Synchronization point
A place in original code where the game aligns itself to the 50 Hz interrupt cadence. On Spectrum this is often an EI; HALT pattern (or a loop that includes HALT). In the port, synchronization points typically become frame boundaries.

Routine
A function-like block of code with an entry label and a contract (inputs, side effects, outputs, and control-flow behavior). Not every label is a routine entry: many labels are internal jump targets.

SkoolKit map
A .ctl + .skool pair that correctly separates code/data/text and provides meaningful names and routine contracts. In this project, the SkoolKit output is treated as a primary knowledge base: Python code should remain traceable back to skool labels and address ranges.

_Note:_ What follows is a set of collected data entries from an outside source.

(* A shortest walk never returns after two steps: otherwise the loop could be cut out. *)
lemma shortest_path_no_return:
  assumes path: "\<forall>i<d. (f i, f (Suc i)) \<in> R"
    and shortest: "\<And>k. (f 0, f d) \<in> R ^^ k \<Longrightarrow> d \<le> k"
    and i: "i + 2 \<le> d"
  shows "f i \<noteq> f (i + 2)"
proof
  assume loop: "f i = f (i + 2)"
  define g where "g = (\<lambda>j. if j \<le> i then f j else f (j + 2))"
  have "(g j, g (Suc j)) \<in> R" if j: "j < d - 2" for j
  proof (cases "j < i")
    case True thus ?thesis using path i by (auto simp: g_def)
  next
    case False
    have "(f (j + 2), f (Suc (j + 2))) \<in> R" using path j by auto
    thus ?thesis using False loop by (cases "j = i") (auto simp: g_def)
  qed
  hence "(g 0, g (d - 2)) \<in> R ^^ (d - 2)" by (intro path_relpow) blast
  moreover have "g 0 = f 0" by (simp add: g_def)
  moreover have "g (d - 2) = f d"
  proof (cases "d - 2 \<le> i")
    case True
    hence "i = d - 2" "i + 2 = d" using i by linarith+
    thus ?thesis using loop by (simp add: g_def)
  next
    case False
    moreover have "d - 2 + 2 = d" using i by linarith
    ultimately show ?thesis by (simp add: g_def)
  qed
  ultimately have "d \<le> d - 2" using shortest by metis
  thus False using i by linarith
qed

lemma card_even_positions: "card {i::nat. even i \<and> i + 2 \<le> d} = d div 2"
proof -
  have "{i::nat. even i \<and> i + 2 \<le> d} = (\<lambda>j. 2 * j) ` {..< d div 2}"
    by (auto elim!: evenE simp: image_iff)
  thus ?thesis by (simp add: card_image inj_on_def)
qed

definition walk_dist :: "(nat \<times> nat) set \<Rightarrow> nat \<Rightarrow> nat \<Rightarrow> nat" where
  "walk_dist G u w = (LEAST k. (u, w) \<in> G ^^ k)"

lemma walk_dist_le: "(u, w) \<in> G ^^ k \<Longrightarrow> walk_dist G u w \<le> k"
  unfolding walk_dist_def by (rule Least_le)

lemma walk_dist_walk: "(u, w) \<in> G\<^sup>+ \<Longrightarrow> (u, w) \<in> G ^^ walk_dist G u w"
  unfolding walk_dist_def by (rule LeastI_ex) (use trancl_power in blast)
lemma computable_fn_diff:
  "computable_fn k G1 \<Longrightarrow> computable_fn k G2 \<Longrightarrow> computable_fn k (\<lambda>p xs. G1 p xs - G2 p xs)"
  using computable_fn_comp2[OF computable_fn_binary_diff, of k G2 G1] by simp

lemma computable_fn_binary_mult: "computable_fn 2 (\<lambda>p xs. xs ! 0 * xs ! 1)"
proof -
  have "computable_fn 3 (\<lambda>p xs. xs ! 1 + xs ! 2)"
    by (intro computable_fn_add computable_fn_proj) auto
  then show ?thesis
    using computable_fn_primrec[of 1 "\<lambda>p xs. 0" "\<lambda>p xs. xs ! 1 + xs ! 2"]
    by (simp add: computable_fn_zero numeral_2_eq_2 numeral_3_eq_3)
qed

lemma computable_fn_mult:
  "computable_fn k G1 \<Longrightarrow> computable_fn k G2 \<Longrightarrow> computable_fn k (\<lambda>p xs. G1 p xs * G2 p xs)"
  using computable_fn_comp2[OF computable_fn_binary_mult] by simp

lemma computable_fn_unary_pow2: "computable_fn 1 (\<lambda>p xs. 2 ^ (xs ! 0))"
proof -
  have "computable_fn 2 (\<lambda>p xs. xs ! 1 + xs ! 1)"
    by (intro computable_fn_add computable_fn_proj) auto
  then show ?thesis
    using computable_fn_primrec[of 0 "\<lambda>p xs. 1" "\<lambda>p xs. xs ! 1 + xs ! 1"]
    by (simp add: computable_fn_const numeral_2_eq_2)
qed

lemma computable_fn_pow2: "computable_fn k G \<Longrightarrow> computable_fn k (\<lambda>p xs. 2 ^ G p xs)"
  using computable_fn_comp1[OF computable_fn_unary_pow2] by simp
(* Assume Assumptions 2. For every $s\in(0,1)$ there exists $\kappa_0<\infty$, depending only on $\|\nu\|_\infty$, $\|\sigma_0\|_\infty$, $\|\sigma_1\|_\infty$, $K$ and $s$, such that for all $\kappa\ge\kappa_0$, $$\sup_{E\in\mathbb R}\|T_{\kappa,E,s}\|<1,$$ where $\|T_{\kappa,E,s}\|$ is the operator norm on $C(\overline{\mathbb C^+})$ with the sup-norm.
   Context: Assumptions 2: $\nu$ has bounded density (also $\nu$) supported in $[-K,K]$, $K<\infty$; $\sigma$ is a probability measure on $\mathbb R^2$ supported in $[-1,1]^2$ whose marginals $\sigma_0,\sigma_1$ have bounded densities (also denoted $\sigma_0,\sigma_1$). Let $\overline{\mathbb C^+}=\mathbb C^+\cup\mathbb R\cup\{i\infty\}$, $C(\overline{\mathbb C^+})$ the continuous complex functions on $\mathbb C^+\cup\mathbb R$ with a finite limit at infinity. For $\kappa\ge0$, $\mu$ is the law of $q=(r+\kappa p_0,r+\kappa p_1)$ with $r\sim\nu$, $(p_0,p_1)\sim\sigma$ independent. For $z\in\mathbb C^+\cup\mathbb R$, $\phi^\pm_{z,q}(w)=\tfrac12\big(\frac{-1}{w+(z-q_0)/\sqrt2}\pm\frac{-1}{w+(z-q_1)/\sqrt2}\big)$, $\phi^\pm_{z,q}(i\infty)=0$, and $(T_{\kappa,z,s}f)(w)=\int f(\phi^+_{z,q}(w))\big(|\phi^+_{z,q}(w)|^s+|\phi^-_{z,q}(w)|^s\big)d\mu(q)$, $(T_{\kappa,z,s}f)(i\infty)=0$. *)

theory Defs
  imports "HOL-Probability.Probability"
begin

definition Hc :: "complex set" where
  "Hc = {z. Im z \<ge> 0}"

text \<open>The space C of the closed upper half plane compactified by i-infinity:
  continuous functions on the closed half plane with a finite limit at infinity.\<close>
definition Cspace :: "(complex \<Rightarrow> complex) set" where
  "Cspace = {f. continuous_on Hc f \<and> (\<exists>L. (f \<longlongrightarrow> L) (inf at_infinity (principal Hc)))}"

text \<open>Sup norm on C (the value at i-infinity is a limit of values on Hc).\<close>
definition supnorm :: "(complex \<Rightarrow> complex) \<Rightarrow> real" where
  "supnorm f = (SUP w\<in>Hc. cmod (f w))"

text \<open>Assumptions 2, with explicit bounds Bnu, B0, B1 for the sup norms of the densities.\<close>
definition Assumptions2 ::
  "(real \<Rightarrow> real) \<Rightarrow> (real \<times> real) measure \<Rightarrow> (real \<Rightarrow> real) \<Rightarrow> (real \<Rightarrow> real)
   \<Rightarrow> real \<Rightarrow> real \<Rightarrow> real \<Rightarrow> real \<Rightarrow> bool" where
  "Assumptions2 nu sg s0 s1 K Bnu B0 B1 \<longleftrightarrow>
     nu \<in> borel_measurable borel \<and> (\<forall>x. 0 \<le> nu x \<and> nu x \<le> Bnu) \<and>
     (\<forall>x. x \<notin> {-K..K} \<longrightarrow> nu x = 0) \<and> prob_space (density lborel nu) \<and>
     prob_space sg \<and> sets sg = sets borel \<and>
     emeasure sg (UNIV - {-1..1} \<times> {-1..1}) = 0 \<and>
     s0 \<in> borel_measurable borel \<and> (\<forall>x. 0 \<le> s0 x \<and> s0 x \<le> B0) \<and>
     s1 \<in> borel_measurable borel \<and> (\<forall>x. 0 \<le> s1 x \<and> s1 x \<le> B1) \<and>
     distr sg lborel fst = density lborel s0 \<and>
     distr sg lborel snd = density lborel s1"

definition mu_law :: "(real \<Rightarrow> real) \<Rightarrow> (real \<times> real) measure \<Rightarrow> real \<Rightarrow> (real \<times> real) measure" where
  "mu_law nu sg \<kappa> =
     distr (density lborel nu \<Otimes>\<^sub>M sg) borel
       (\<lambda>(r, p). (r + \<kappa> * fst p, r + \<kappa> * snd p))"

definition phi_plus :: "complex \<Rightarrow> real \<times> real \<Rightarrow> complex \<Rightarrow> complex" where
  "phi_plus z q w = (1/2) * ((-1) / (w + (z - complex_of_real (fst q)) / sqrt 2)
                          + (-1) / (w + (z - complex_of_real (snd q)) / sqrt 2))"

2. Repository constraints (summary)

Porting decisions should be compatible with the normative architecture. The shortest useful summary is:

  • Deterministic behavior is the primary correctness criterion: identical inputs must yield identical outputs and state.
  • Game logic is backend-agnostic; backends provide inputs and consume outputs, but do not reach into game internals.
  • Runtime execution uses an explicit FSM with persisted state identifiers; frame boundaries are explicit FSM states.
  • After initialization, gameplay/runtime code must not read from or write to a raw ROM/snapshot buffer; it operates on named blocks and typed fields.
  • Pointer-like values in runtime code are represented as block-bound pointers (BlockPtr) or typed pointers (StructFieldPtr), not as raw global ZX addresses.
  • Screen output is returned as full buffers (bitmap + attributes), not deltas.
  • Audio is emitted as semantic commands, not as reconstructed OUT (0xFE) waveforms.

The architecture document contains the precise requirements and edge-case policies.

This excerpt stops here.